For these problems you will be identifying protein-encoding genes as well as other attributes of the genetic data in the file.
Note that all matches for these problems will be case-insensitive. Write a command that uses grep -E or egrep to process
the data in the file. Use regular expressions as appropriate. Write your commands on the indicated lines in the task2.sh
file in the hw3 folder.
3. Print all of the DNA sequences in the file (all of the non-names).
4. Print all of the names of DNA sequences in the file. Hint: This will require use of a grep option, in addition to
regular expressions.
2 of 2
5. Print all of the valid genes in the file. That is, all of the DNA sequences that can be divided into codons. (i.e. A
sequence of A, C, G and Ts and has a length that is a multiple of 3).
6. Protein-coding genes are genes that begin with ATG, end with one of TAA, TAG, or TGA, and are at least 5 codons
long. Print all protein-encoding genes in the file.
7. Print the full DNA sequences that contain the word “CAT”, preceded by the name of the sequence. Hint: man grep
to look for options that alter what gets printed for a match.
8. How many codons match “CAT”? Because codons are groups of three nucleotides, the positions of the nucleotides
matter. For example, the sequence CATATG contains the codon CAT, while the sequence ACATTG does not because
it is made of up the codons ACA and TTG. Hint: You will have to process the data in two stages, first to find all of
the codons, then to match codons against CAT. You may find the –o option helpful here.
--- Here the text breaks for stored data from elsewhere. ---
lemma partial_trace_quadratic_form:
  assumes X: "X \<in> carrier_mat (d * m) (d * m)" and x: "x \<in> carrier_vec d"
  shows "(partial_trace d m X *\<^sub>v x) \<bullet>c x = (\<Sum>i<m. (X *\<^sub>v block_vec d m i x) \<bullet>c block_vec d m i x)"
proof -
  have "(partial_trace d m X *\<^sub>v x) \<bullet>c x =
      (\<Sum>k<d. \<Sum>l<d. \<Sum>i<m. X $$ (i * d + k, i * d + l) * x $ l * cnj (x $ k))"
    by (simp add: quadratic_form_sum[OF partial_trace_carrier x] sum_distrib_right)
  also have "\<dots> = (\<Sum>i<m. \<Sum>k<d. \<Sum>l<d. X $$ (i * d + k, i * d + l) * x $ l * cnj (x $ k))"
    by (simp add: sum.swap[of _ "{..<m}"])
  also have "\<dots> = (\<Sum>i<m. (X *\<^sub>v block_vec d m i x) \<bullet>c block_vec d m i x)"
  proof (rule sum.cong[OF refl])
    fix i assume "i \<in> {..<m}"
    then show "(\<Sum>k<d. \<Sum>l<d. X $$ (i * d + k, i * d + l) * x $ l * cnj (x $ k)) =
        (X *\<^sub>v block_vec d m i x) \<bullet>c block_vec d m i x"
      by (simp add: quadratic_form_sum[OF X block_vec_carrier] sum_lessThan_mult_blocks if_zero_simps)
  qed
  finally show ?thesis .
qed

lemma psd_mat_partial_trace:
  assumes "psd_mat (d * m) X"
  shows "psd_mat d (partial_trace d m X)"
  unfolding psd_mat_def
proof (intro conjI ballI)
  show "hermitian_mat d (partial_trace d m X)"
    using assms unfolding psd_mat_def by (simp add: hermitian_mat_partial_trace)
  have X: "X \<in> carrier_mat (d * m) (d * m)"
    using assms unfolding psd_mat_def by (simp add: hermitian_mat_carrier)
  fix x :: "complex vec" assume "x \<in> carrier_vec d"
  then show "0 \<le> Re ((partial_trace d m X *\<^sub>v x) \<bullet>c x)"
    using assms partial_trace_quadratic_form[OF X] unfolding psd_mat_def
    by (simp add: Re_sum sum_nonneg)
qed

section \<open>Unitarily invariant sets of Hermitian matrices\<close>

lemma unitarily_invariant_eq_spectral_preimage:
  assumes P_hermitian: "\<And>A. P A \<Longrightarrow> hermitian_mat n A"
    and X: "X \<subseteq> Collect P"
    and invariant: "\<And>A W. A \<in> X \<Longrightarrow> unitary_mat n W \<Longrightarrow> mat_adjoint W * A * W \<in> X"
  shows "\<exists>D \<subseteq> eigvals_desc ` Collect P. X = {A. P A \<and> eigvals_desc A \<in> D}"
proof (intro exI conjI)
  show "eigvals_desc ` X \<subseteq> eigvals_desc ` Collect P"
    using X by blast
  show "X = {A. P A \<and> eigvals_desc A \<in> eigvals_desc ` X}"
  proof (intro equalityI subsetI)
    fix A assume "A \<in> {A. P A \<and> eigvals_desc A \<in> eigvals_desc ` X}"
    then obtain B where A: "P A" and B: "B \<in> X" and eq: "eigvals_desc A = eigvals_desc B"
      by auto
    obtain W where "unitary_mat n W" "A = mat_adjoint W * B * W"
      using unitarily_congruent_if_eigvals_desc_eq[OF P_hermitian[OF A] P_hermitian eq] B X by blast
    then show "A \<in> X" using invariant[OF B] by simp
  qed (use X in auto)
qed

lemma eigvals_desc_hermitian_mat_image: "eigvals_desc ` Collect (hermitian_mat n) \<subseteq> {x. length x = n}"
  using eigvals_desc_hermitian_mat(1) by blast

lemma eigvals_desc_psd_mat_image:
  "eigvals_desc ` Collect (psd_mat n) \<subseteq> {x. length x = n \<and> (\<forall>t \<in> set x. 0 \<le> t)}"
proof (intro image_subsetI CollectI conjI ballI)
  fix A t assume A: "A \<in> Collect (psd_mat n)"
  then show "length (eigvals_desc A) = n"
    using eigvals_desc_hermitian_mat(1) psd_mat_hermitian_mat by blast
  assume "t \<in> set (eigvals_desc A)"
  then show "0 \<le> t"
    using psd_mat_eigenvalue_nonneg[of n A] eigvals_desc_hermitian_mat(3) psd_mat_hermitian_mat A by force
qed

lemma partial_trace_congruence_image_invariant:
  assumes S: "S \<in> carrier_mat (d * m) (d * m)"
    and P_carrier: "\<And>V. P V \<Longrightarrow> V \<in> carrier_mat (d * m) (d * m)"
    and P_unitary: "\<And>V K. P V \<Longrightarrow> unitary_mat (d * m) K \<Longrightarrow> P (V * K)"
    and A: "A \<in> partial_trace d m ` {mat_adjoint V * S * V | V. P V}" and W: "unitary_mat d W"
  shows "mat_adjoint W * A * W \<in> partial_trace d m ` {mat_adjoint V * S * V | V. P V}"
proof -
  obtain V where V: "P V" and A_eq: "A = partial_trace d m (mat_adjoint V * S * V)"
    using A by blast
  let ?K = "block_diag_mat d m W"
  have "mat_adjoint W * A * W = partial_trace d m (mat_adjoint ?K * (mat_adjoint V * S * V) * ?K)"
    unfolding A_eq
    by (rule partial_trace_block_diag_congruence[OF unitary_mat_carrier[OF W]
          congruence_mat_carrier[OF P_carrier[OF V] S], symmetric])
  also have "\<dots> = partial_trace d m (mat_adjoint (V * ?K) * S * (V * ?K))"
    using mat_adjoint_mult_congruence[OF S P_carrier[OF V] block_diag_mat_carrier] by simp
  finally show ?thesis
    using P_unitary[OF V unitary_mat_block_diag_mat[OF W]] by blast
qed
9. Print all of the DNA sequences that start and end with the same codon. (For this case, do not worry about matching
start and end codons that don’t have the same casing as each other.)
Hints: Recall the regular expression syntax shown in class, such as a . for any character, | for “or,” [] for character
classes, {}, *, and + for quantities, ^ and $ for specifying the start/end of a line, and \< and \> for specifying the start/end
of a word. Also note that grep can use “back-references” to refer to sub-patterns captured previously between ( and ),
such as \1 for the first captured sub-pattern, \2 for the second, etc.
Task 3: More Bash Shell Commands with egrep:
For each item below, determine a single bash shell statement that will perform the operation(s) requested. Write a
command that uses grep -E or egrep. Use regular expressions as appropriate. Write your commands on the indicated
lines in the task3.sh file in the hw3 folder.
10. Output all of the lines in vars.txt that contain valid Java variable names. Recall that a variable name must have
the following properties:
a. Must start with an underscore, uppercase letter, lowercase letter, or a dollar sign ($).
b. Followed, optionally, by any combination of numbers, underscores, uppercase or lowercase letters, and
dollar signs.
For the sake of this problem you may assume that there is only one valid variable per line.
11. Output all of the method headers in the file PointProgram.java. A method header will have the following
structure, in order:
a. Zero or more leading spaces
b. Either public or private
c. Optionally, static
d. A return type
e. A method name
f. Parentheses containing zero or more parameters, where parameters are a comma separated list of
parameter type and parameter name pairs.
g. An opening curly brace.
You do not need to validate that the method headers form valid java code (e.g. that the java types are valid or the
parameter names do not repeat etc.). You may assume that types, method names and parameters names are formed
of letters only. Note that this will not capture public static void main(String[] args) { because of
the array type [], nor would it capture types with generics because of the <>. This is okay. As long as you
capture all of the method headers in the given java program, other than main, consider yourself done.